К тому же, как отмечает ряд исследователей (Р. Марино, В. Аваков и пр.), Джотто был терциарием, то есть францисканцем-мирянином («членом III Ордена францисканцев, светским человеком, жившим харизмом ордена»). Франциск Ассизский был своеобразным мерилом мировосприятия и веры для художника. Этот образ встречается на многих его настенных росписях комплекса Сан-Франческо в Ассизи, а также в других работах (например, алтарном изображении в Сан-Франческо в Пизе и пр.). Францисканцы – первый нищенствующий орден, в основе которого лежала идея нестяжания, помощи страждущим и «совершенная радость». Джотто был семейным членом III ордена, человеком, взявшим обеты и избравшим путь служения Богу своим живописным даром. Третий орден францисканцев – это движущая сила Ренессанса. Как отметила И. К. Языкова, членами ордена были также «поэты – Данте, Франческо Петрарка, Якопоне да Тоди (автор знаменитого гимна Stabat Mater), Раймунд Луллий (известный каталонский писатель и богослов); художники – Микеланджело, Рафаэль; короли – Людовик IX Святой, Елизавета Венгерская. Христофор Колумб был терциарием, то есть францисканцем третьего ордена. Это очень влиятельные люди, ключевые фигуры Ренессанса».

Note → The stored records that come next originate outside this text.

section \<open>Cauchy estimates on rectangles\<close>

lemma has_contour_integral_linepath_same_Im_iff:
  assumes "Im z = c" "Im z' = c" "Re z = a" "Re z' = b" "a < b"
  shows   "(f has_contour_integral I) (linepath z z') \<longleftrightarrow>
             ((\<lambda>x. f (Complex x c)) has_integral I) {a..b}"
proof -
  have "(f has_contour_integral I) (linepath z z') \<longleftrightarrow>
          ((\<lambda>x. f (linepath z z' x) * (z' - z)) has_integral I) {0..1}"
    by (subst has_contour_integral_linepath) simp_all
  also have "\<dots> \<longleftrightarrow> ((\<lambda>x. f (Complex (a + (b - a) * x) c) * of_real (b - a)) has_integral I) {0..1}"
  proof -
    have "linepath z z' x = Complex (a + (b - a) * x) c" for x
      using assms by (simp add: linepath_def complex_eq_iff algebra_simps)
    moreover have "z' - z = of_real (b - a)"
      using assms by (simp add: complex_eq_iff)
    ultimately show ?thesis
      by simp
  qed
  also have "{0..1} = (\<lambda>x. x / (b - a)) ` {0..b-a}"
    using assms by simp
  also have "((\<lambda>x. f (Complex (a + (b - a) * x) c) * of_real (b - a)) has_integral I) \<dots> \<longleftrightarrow>
             ((\<lambda>x. f (Complex (a + x) c) * of_real (b - a)) has_integral ((b-a) *\<^sub>R I)) {0..b-a}"
    by (subst has_integral_stretch_real_iff) (use assms in simp_all)
  also have "\<dots> \<longleftrightarrow> ((\<lambda>x. of_real (b-a) * (f (Complex x c))) has_integral (b-a) *\<^sub>R I) {a..b}"
    by (subst has_integral_shift_real_ivl_iff[where c = "-a"])
       (simp_all add: scaleR_conv_of_real mult_ac)
  also have "\<dots> \<longleftrightarrow> ((\<lambda>x. f (Complex x c)) has_integral I) {a..b}"
    by (subst has_integral_mult_right_iff) (use assms in \<open>auto simp: scaleR_conv_of_real\<close>)
  finally show ?thesis .
qed

lemma norm_has_integral_le_integral:
  fixes G :: "real \<Rightarrow> 'a::banach"
  assumes "(G has_integral I) {a..b}" "continuous_on {a..b} K"
    and "\<And>t. t \<in> {a..b} \<Longrightarrow> norm (G t) \<le> K t"
  shows "norm I \<le> integral {a..b} K"
  using integral_norm_bound_integral[OF has_integral_integrable[OF assms(1)]
      integrable_continuous_interval[OF assms(2)] assms(3)]
    integral_unique[OF assms(1)] by simp

lemma norm_Cauchy_kernel_le:
  assumes "0 < h" "h \<le> cmod (w - z)"
  shows "cmod (g w / (w - z)) \<le> cmod (g w) / h"
  using assms by (simp add: norm_divide frac_le)

lemma Cauchy_kernel_horizontal_side_le:
  assumes I: "((\<lambda>w. g w / (w - z)) has_contour_integral I) (linepath (Complex a y) (Complex b y))"
    and "a < b" "0 < h" "h \<le> \<bar>y - Im z\<bar>"
    and cont: "continuous_on {a..b} (\<lambda>x. g (Complex x y))"
  shows "h * cmod I \<le> integral {a..b} (\<lambda>x. cmod (g (Complex x y)))"
proof -
  have "((\<lambda>x. g (Complex x y) / (Complex x y - z)) has_integral I) {a..b}"
    using I has_contour_integral_linepath_same_Im_iff[of _ y _ a b] \<open>a < b\<close> by simp
  then have "cmod I \<le> integral {a..b} (\<lambda>x. cmod (g (Complex x y)) / h)"
  proof (rule norm_has_integral_le_integral)
    show "continuous_on {a..b} (\<lambda>x. cmod (g (Complex x y)) / h)"
      using cont \<open>0 < h\<close> by (intro continuous_intros) auto
    fix x
    have "h \<le> cmod (Complex x y - z)"
      using abs_Im_le_cmod[of "Complex x y - z"] assms(4) by simp
    then show "cmod (g (Complex x y) / (Complex x y - z)) \<le> cmod (g (Complex x y)) / h"
      using norm_Cauchy_kernel_le \<open>0 < h\<close> by blast
  qed
  then show ?thesis
    using \<open>0 < h\<close> by (simp add: pos_le_divide_eq mult.commute)
qed

lemma Cauchy_kernel_vertical_side_le:
  assumes I: "((\<lambda>w. g w / (w - z)) has_contour_integral I) (linepath (Complex x a) (Complex x b))"
    and "a < b" "0 < h" "h \<le> \<bar>x - Re z\<bar>"
    and cont: "continuous_on {a..b} (\<lambda>y. g (Complex x y))"
  shows "h * cmod I \<le> integral {a..b} (\<lambda>y. cmod (g (Complex x y)))"
proof -
  have "((\<lambda>y. g (Complex x y) / (Complex x y - z)) has_integral (- \<i> * I)) {a..b}"
    using I has_contour_integral_linepath_same_Re_iff[of _ x _ a b] \<open>a < b\<close> by simp
  then have "cmod (- \<i> * I) \<le> integral {a..b} (\<lambda>y. cmod (g (Complex x y)) / h)"
  proof (rule norm_has_integral_le_integral)
    show "continuous_on {a..b} (\<lambda>y. cmod (g (Complex x y)) / h)"
      using cont \<open>0 < h\<close> by (intro continuous_intros) auto
    fix y
    have "h \<le> cmod (Complex x y - z)"
      using abs_Re_le_cmod[of "Complex x y - z"] assms(4) by simp
    then show "cmod (g (Complex x y) / (Complex x y - z)) \<le> cmod (g (Complex x y)) / h"
      using norm_Cauchy_kernel_le \<open>0 < h\<close> by blast
  qed
  then show ?thesis
    using \<open>0 < h\<close> by (simp add: norm_mult pos_le_divide_eq mult.commute)
qed

lemma Cauchy_integral_formula_rectangle_sides:
  assumes holo: "g holomorphic_on S" and "convex S" "open S"
    and rect: "cbox (Complex x1 y1) (Complex x2 y2) \<subseteq> S"
    and z: "z \<in> box (Complex x1 y1) (Complex x2 y2)"
  obtains I1 I2 I3 I4 where
    "((\<lambda>w. g w / (w - z)) has_contour_integral I1) (linepath (Complex x1 y1) (Complex x2 y1))"
    "((\<lambda>w. g w / (w - z)) has_contour_integral I2) (linepath (Complex x2 y1) (Complex x2 y2))"
    "((\<lambda>w. g w / (w - z)) has_contour_integral I3) (linepath (Complex x2 y2) (Complex x1 y2))"
    "((\<lambda>w. g w / (w - z)) has_contour_integral I4) (linepath (Complex x1 y2) (Complex x1 y1))"
    "2 * pi * \<i> * g z = I1 + I2 + I3 + I4"
proof -
  define a1 a2 a3 a4 where "a1 = Complex x1 y1" "a2 = Complex x2 y1" "a3 = Complex x2 y2" "a4 = Complex x1 y2"
  define F where "F = (\<lambda>w. g w / (w - z))"
  have boundary: "path_image (rectpath a1 a3) = cbox a1 a3 - box a1 a3"
    using z by (intro path_image_rectpath_cbox_minus_box) (auto simp: a1_a2_a3_a4_def in_box_complex_iff)
  have "(F has_contour_integral (2 * pi * \<i> * winding_number (rectpath a1 a3) z * g z)) (rectpath a1 a3)"
    unfolding F_def
  proof (rule Cauchy_integral_formula_convex_simple[OF \<open>convex S\<close> holo])
    show "z \<in> interior S"
      using z rect box_subset_cbox interior_open[OF \<open>open S\<close>] by (auto simp: a1_a2_a3_a4_def)
    show "path_image (rectpath a1 a3) \<subseteq> S - {z}"
      using boundary rect z by (auto simp: a1_a2_a3_a4_def)
  qed auto
  then have total: "(F has_contour_integral (2 * pi * \<i> * g z)) (rectpath a1 a3)"
    using winding_number_rectpath z by (simp add: a1_a2_a3_a4_def)
  have "continuous_on (cbox a1 a3) g"
    using holo rect unfolding a1_a2_a3_a4_def
    by (meson holomorphic_on_imp_continuous_on holomorphic_on_subset)
  then have F_cont: "continuous_on (path_image (rectpath a1 a3)) F"
    unfolding F_def boundary using z
    by (intro continuous_intros) (auto simp: a1_a2_a3_a4_def elim: continuous_on_subset)
  have rectpath: "rectpath a1 a3 = linepath a1 a2 +++ linepath a2 a3 +++ linepath a3 a4 +++ linepath a4 a1"
    by (simp add: rectpath_def Let_def a1_a2_a3_a4_def)
  have side: "(F has_contour_integral contour_integral (linepath a b) F) (linepath a b)"
    if "closed_segment a b \<subseteq> path_image (rectpath a1 a3)" for a b
    using F_cont that
    by (intro has_contour_integral_integral contour_integrable_continuous_linepath)
       (auto elim: continuous_on_subset)
  have sides: "(F has_contour_integral contour_integral (linepath a1 a2) F) (linepath a1 a2)"
    "(F has_contour_integral contour_integral (linepath a2 a3) F) (linepath a2 a3)"
    "(F has_contour_integral contour_integral (linepath a3 a4) F) (linepath a3 a4)"
    "(F has_contour_integral contour_integral (linepath a4 a1) F) (linepath a4 a1)"
    by (auto intro!: side simp: rectpath path_image_join)
  have "(F has_contour_integral (contour_integral (linepath a1 a2) F + (contour_integral (linepath a2 a3) F
      + (contour_integral (linepath a3 a4) F + contour_integral (linepath a4 a1) F)))) (rectpath a1 a3)"
    unfolding rectpath by (intro has_contour_integral_join valid_path_join sides) auto
  with has_contour_integral_unique[OF total] sides show thesis
    by (intro that[unfolded F_def[symmetric]]) (auto simp: a1_a2_a3_a4_def add.assoc)
qed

Христианство, проповедуемое Франциском, – это, прежде всего, вера сердца, а не ума (хотя со временем всё же учёные францисканцы вытеснили самого ассизского проповедника из ордена с руководящего поста). Это в первую очередь этическое учение, плодом которого в значительной степени в XX веке стала этика «благоговения перед жизнью» А. Швейцера, удостоенного Нобелевской премии мира и прямо признававшего свою преемственность с делом Франциска, «со студенческих лет его любимого святого». «Фундаментальный факт сознания человека гласит: ‟Я есть жизнь, которая хочет жить среди жизней, которые хотят жить”. Мыслящий человек переживает необходимость высказывать перед всеми волями к жизни такое же благоговение перед жизнью, как и перед своей. Он переживает другие жизни в своей собственной. Добро для него состоит и том, чтобы сохранять жизнь, способствовать жизни, поднимать развивающуюся жизнь на более высокую ступень. Зло – чтобы уничтожить жизнь, вредить жизни, сдерживать развивающуюся жизнь», – эти знаменитые слова Швейцера являются логическим продолжением проповеди Франциска «братства людей с живыми тварями». Показательно, что Франциска Ассизского на Западе считают покровителем экологического движения. Католический святой считал всё живое равным перед Творцом, потому проповедовал даже «сестричкам» птицам, бережно убирал червяков со своего пути в безопасное для них место, продавал собственную зимнюю одежду ради выкупа предназначенного на забой ягнёнка и пр. Такое «благоговение перед жизнью» чрезвычайно созвучно оказалось и Джотто и нашло своё выражение в его работах. Природа в её конкретности – важная составляющая живописного мира его росписей и картин. Художник разворачивал действие не в световой среде, пронизывающей мир Божественной энергии, символично обозначаемой прежде иконописцами золотым фоном, но в привычном природном итальянском ландшафте с лазурным небом над ним. Паола Волкова поясняла это так: «Честертон в своём исследовании о святом Франциске замечает, что для него не было понятия природы ‟в целом”, но было важно каждое дерево: ‟брат-дуб”, ‟сестрица-роза”, и пр. Красота ‟сестры-ласточки” на фоне синего неба. Точно так же пишет мир Джотто».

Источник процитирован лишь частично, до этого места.